- Given entries:
━━━━━━━━━━━━━━━━━━━━━━━━━━━━━━

definition BINI :: "('p, 't) ptnet \<Rightarrow> ('p \<Rightarrow> nat) \<Rightarrow> 't set \<Rightarrow> 't set \<Rightarrow> 't set \<Rightarrow> bool" where
  "BINI N M0 L D H \<longleftrightarrow>
     BNDC (N \<setminus>\<^sub>N D) M0 L H \<and>
     (\<forall>M \<upsilon> d. d \<in> D \<and> fires N M0 (\<upsilon> @ [d]) M \<longrightarrow> BNDC (N \<setminus>\<^sub>N D) M L H)"

end

theory Submission
  imports Defs
begin

text \<open>
  BINI asks for BNDC of the net without downgrading transitions, started at M0 and right after every
  downgrading step; the markings reachable in N are exactly those reachable without downgrading from
  these starting markings. So it suffices to show that a two-level system X has BNDC iff no reachable
  high step changes the low language of X without its high transitions.

  If high steps preserve the low language, relating markings of the low system and of a composite
  with an environment whenever their low-level parts have the same low language is a weak
  bisimulation. Conversely, compose X with a budget environment: one place with k tokens, one of which
  every high transition consumes. The composite can replay a run of X containing k high steps and
  afterwards has no silent moves left, so the bisimilar marking of the low system, which is determined
  by the low projection of the run, has the same low language as the marking reached. The runs s and
  s h have the same low projection, hence h preserves the low language.
\<close>

lemma del_trans_simps [simp]:
  "places (N \<setminus>\<^sub>N S) = places N" "trans (N \<setminus>\<^sub>N S) = trans N - S"
  "pre (N \<setminus>\<^sub>N S) = pre N" "post (N \<setminus>\<^sub>N S) = post N"
  by (simp_all add: del_trans_def)

lemma fire_del_trans [simp]: "fire (N \<setminus>\<^sub>N S) = fire N"
  by (simp add: fire_def fun_eq_iff)

lemma enabled_del_trans [simp]: "enabled (N \<setminus>\<^sub>N S) M t \<longleftrightarrow> t \<notin> S \<and> enabled N M t"
  by (auto simp add: enabled_def)

lemma del_trans_del_trans: "N \<setminus>\<^sub>N D \<setminus>\<^sub>N H = N \<setminus>\<^sub>N (H \<union> D)"
  by (simp add: del_trans_def Diff_Un Diff_eq Int_commute Int_left_commute)

lemma enabled_in_trans: "enabled N M t \<Longrightarrow> t \<in> trans N"
  by (simp add: enabled_def)
lemma prob_late_max_piles_gt:
  fixes p q \<epsilon> :: real
  assumes p: "0 < p" "p \<le> 1" and q: "0 < q" "q \<le> 1" and a: "sum_list a = n"
    and n: "1 \<le> p * q * real n" and \<epsilon>: "0 < \<epsilon>"
    and D: "real (nat \<lceil>14 * ln (real n) / (p * q)\<rceil>) \<le> \<epsilon> * (q * real n)"
  shows "(let D = nat \<lceil>14 * ln (real n) / (p * q)\<rceil>; M = nat \<lceil>(real n)\<^sup>2 / p\<rceil> in
     measure_pmf.prob (bs_traj p q a (D + M))
       {ps. \<bar>real (Max ((\<lambda>k. num_piles (ps ! k)) ` {D + 1 .. D + M})) / (q * real n)\<bar> > \<epsilon>})
   \<le> (real n ^ 3 + 1) * real n * exp (-(28/5) * ln (real n))
      + (real n ^ 3 + 1) * real n * (5 * real n / 2) * exp (-(21/4) * ln (real n))"
proof -
  define D where "D = nat \<lceil>14 * ln (real n) / (p * q)\<rceil>"
  define M where "M = nat \<lceil>(real n)\<^sup>2 / p\<rceil>"
  define bound where "bound = real n * exp (-(28/5) * ln (real n))
      + real n * (5 * real n / 2) * exp (-(21/4) * ln (real n))"
  have burn_in: "14 * ln (real n) / (p * q) \<le> real D" unfolding D_def by linarith
  have "n \<noteq> 0" using n by (intro notI) simp
  then have qn: "0 < q * real n" using q by simp
  have "q * (p * real n) \<le> p * real n" using p q \<open>n \<noteq> 0\<close> by (intro mult_left_le_one_le) auto
  then have "1 \<le> p * real n" using n by (simp add: algebra_simps)
  then have "1 / p \<le> real n" using p by (simp add: field_simps)
  then have "(real n)\<^sup>2 / p \<le> real n ^ 3"
    using mult_left_mono[of "1 / p" "real n" "(real n)\<^sup>2"] by (simp add: power2_eq_square power3_eq_cube)
  moreover have "0 < (real n)\<^sup>2 / p" using \<open>n \<noteq> 0\<close> p by simp
  ultimately have M: "1 \<le> M" "real M \<le> real n ^ 3 + 1" unfolding M_def by linarith+
  have "{ps. \<bar>real (Max ((\<lambda>k. num_piles (ps ! k)) ` {D + 1 .. D + M})) / (q * real n)\<bar> > \<epsilon>}
      = {ps. \<epsilon> * (q * real n) < real (Max ((\<lambda>k. num_piles (ps ! k)) ` {D + 1 .. D + M}))}"
    using qn by (auto simp: field_simps)
  then have "measure_pmf.prob (bs_traj p q a (D + M))
      {ps. \<bar>real (Max ((\<lambda>k. num_piles (ps ! k)) ` {D + 1 .. D + M})) / (q * real n)\<bar> > \<epsilon>}
    \<le> (\<Sum>k\<in>{D + 1 .. D + M}. measure_pmf.prob (bs_traj p q a (D + M))
          {ps. \<epsilon> * (q * real n) < real (num_piles (ps ! k))})"
    using prob_Max_gt_le_sum[of "{D + 1 .. D + M}"] M by simp
  also have "\<dots> \<le> (\<Sum>k\<in>{D + 1 .. D + M}. bound)"
    using prob_num_piles_gt_after_burn_in[OF p q a n burn_in D[folded D_def]]
    by (intro sum_mono) (simp add: bound_def)
  also have "\<dots> \<le> (real n ^ 3 + 1) * bound"
    using M mult_right_mono[of "real M" "real n ^ 3 + 1" bound] by (simp add: bound_def)
  also have "\<dots> = (real n ^ 3 + 1) * real n * exp (-(28/5) * ln (real n))
      + (real n ^ 3 + 1) * real n * (5 * real n / 2) * exp (-(21/4) * ln (real n))"
    by (simp add: bound_def algebra_simps)
  finally show ?thesis unfolding Let_def D_def[symmetric] M_def[symmetric] .
qed

lemma late_piles_bound_tendsto_zero:
  "(\<lambda>n::nat. (real n ^ 3 + 1) * real n * exp (-(28/5) * ln (real n))
      + (real n ^ 3 + 1) * real n * (5 * real n / 2) * exp (-(21/4) * ln (real n))) \<longlonglongrightarrow> 0"
  by real_asymp

lemma burn_in_parameters:
  fixes p q \<epsilon> :: real
  assumes p: "0 < p" "p \<le> 1" and q: "0 < q" "q \<le> 1" and n: "3 \<le> n" and \<epsilon>: "0 < \<epsilon>"
    and large: "max 1 (28 / \<epsilon>) \<le> p * q\<^sup>2 * real n / ln (real n)"
  shows "1 \<le> p * q * real n \<and> real (nat \<lceil>14 * ln (real n) / (p * q)\<rceil>) \<le> \<epsilon> * (q * real n)"
proof -
  define L where "L = ln (real n)"
  have "exp 1 \<le> real n" using n exp_le by linarith
  then have L: "1 \<le> L" unfolding L_def using ln_mono[of "exp 1" "real n"] by simp
  have pq: "0 < p * q" "p * q \<le> 1" using p q by (auto simp: mult_le_one)
  have "max 1 (28 / \<epsilon>) * L \<le> p * q\<^sup>2 * real n / L * L"
    using large L by (intro mult_right_mono) (simp_all add: L_def)
  also have "\<dots> = p * q * (q * real n)" using L by (simp add: power2_eq_square)
  finally have "max 1 (28 / \<epsilon>) * L \<le> p * q * (q * real n)" .
  moreover have "1 * L \<le> max 1 (28 / \<epsilon>) * L" "28 / \<epsilon> * L \<le> max 1 (28 / \<epsilon>) * L"
    using L by (intro mult_right_mono; simp)+
  ultimately have "L \<le> p * q * (q * real n)" "28 / \<epsilon> * L \<le> p * q * (q * real n)"
    by linarith+
  then have large': "L \<le> p * q * (q * real n)" "28 * L \<le> \<epsilon> * (p * q * (q * real n))"
    using \<epsilon> by (simp_all add: field_simps)
  have qn: "p * q * (q * real n) \<le> q * real n" "q * real n \<le> real n"
    using pq q by (simp_all add: mult_left_le_one_le)
  have "1 \<le> p * q * real n"
    using large'(1) L qn(2) pq mult_left_mono[of "q * real n" "real n" "p * q"] by linarith
  moreover have "14 * L / (p * q) \<le> \<epsilon> * (q * real n) / 2"
    using large'(2) pq by (simp add: field_simps)
  moreover have "1 \<le> \<epsilon> * (q * real n) / 2"
    using large'(2) L qn(1) \<epsilon> mult_left_mono[of "p * q * (q * real n)" "q * real n" \<epsilon>] by linarith
  moreover have "0 \<le> 14 * L / (p * q)" using L pq by simp
  ultimately show ?thesis unfolding L_def by linarith
qed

━━━━━━━━━━━━━━━━━━━━━━━━━━━━━━

- Exercise requirements: Using the records above, pull out each line where the word "high" occurs.

- Response box:
  high step changes the low language of X without its high transitions.
  If high steps preserve the low language, relating markings of the low system and of a composite
  every high transition consumes. The composite can replay a run of X containing k high steps and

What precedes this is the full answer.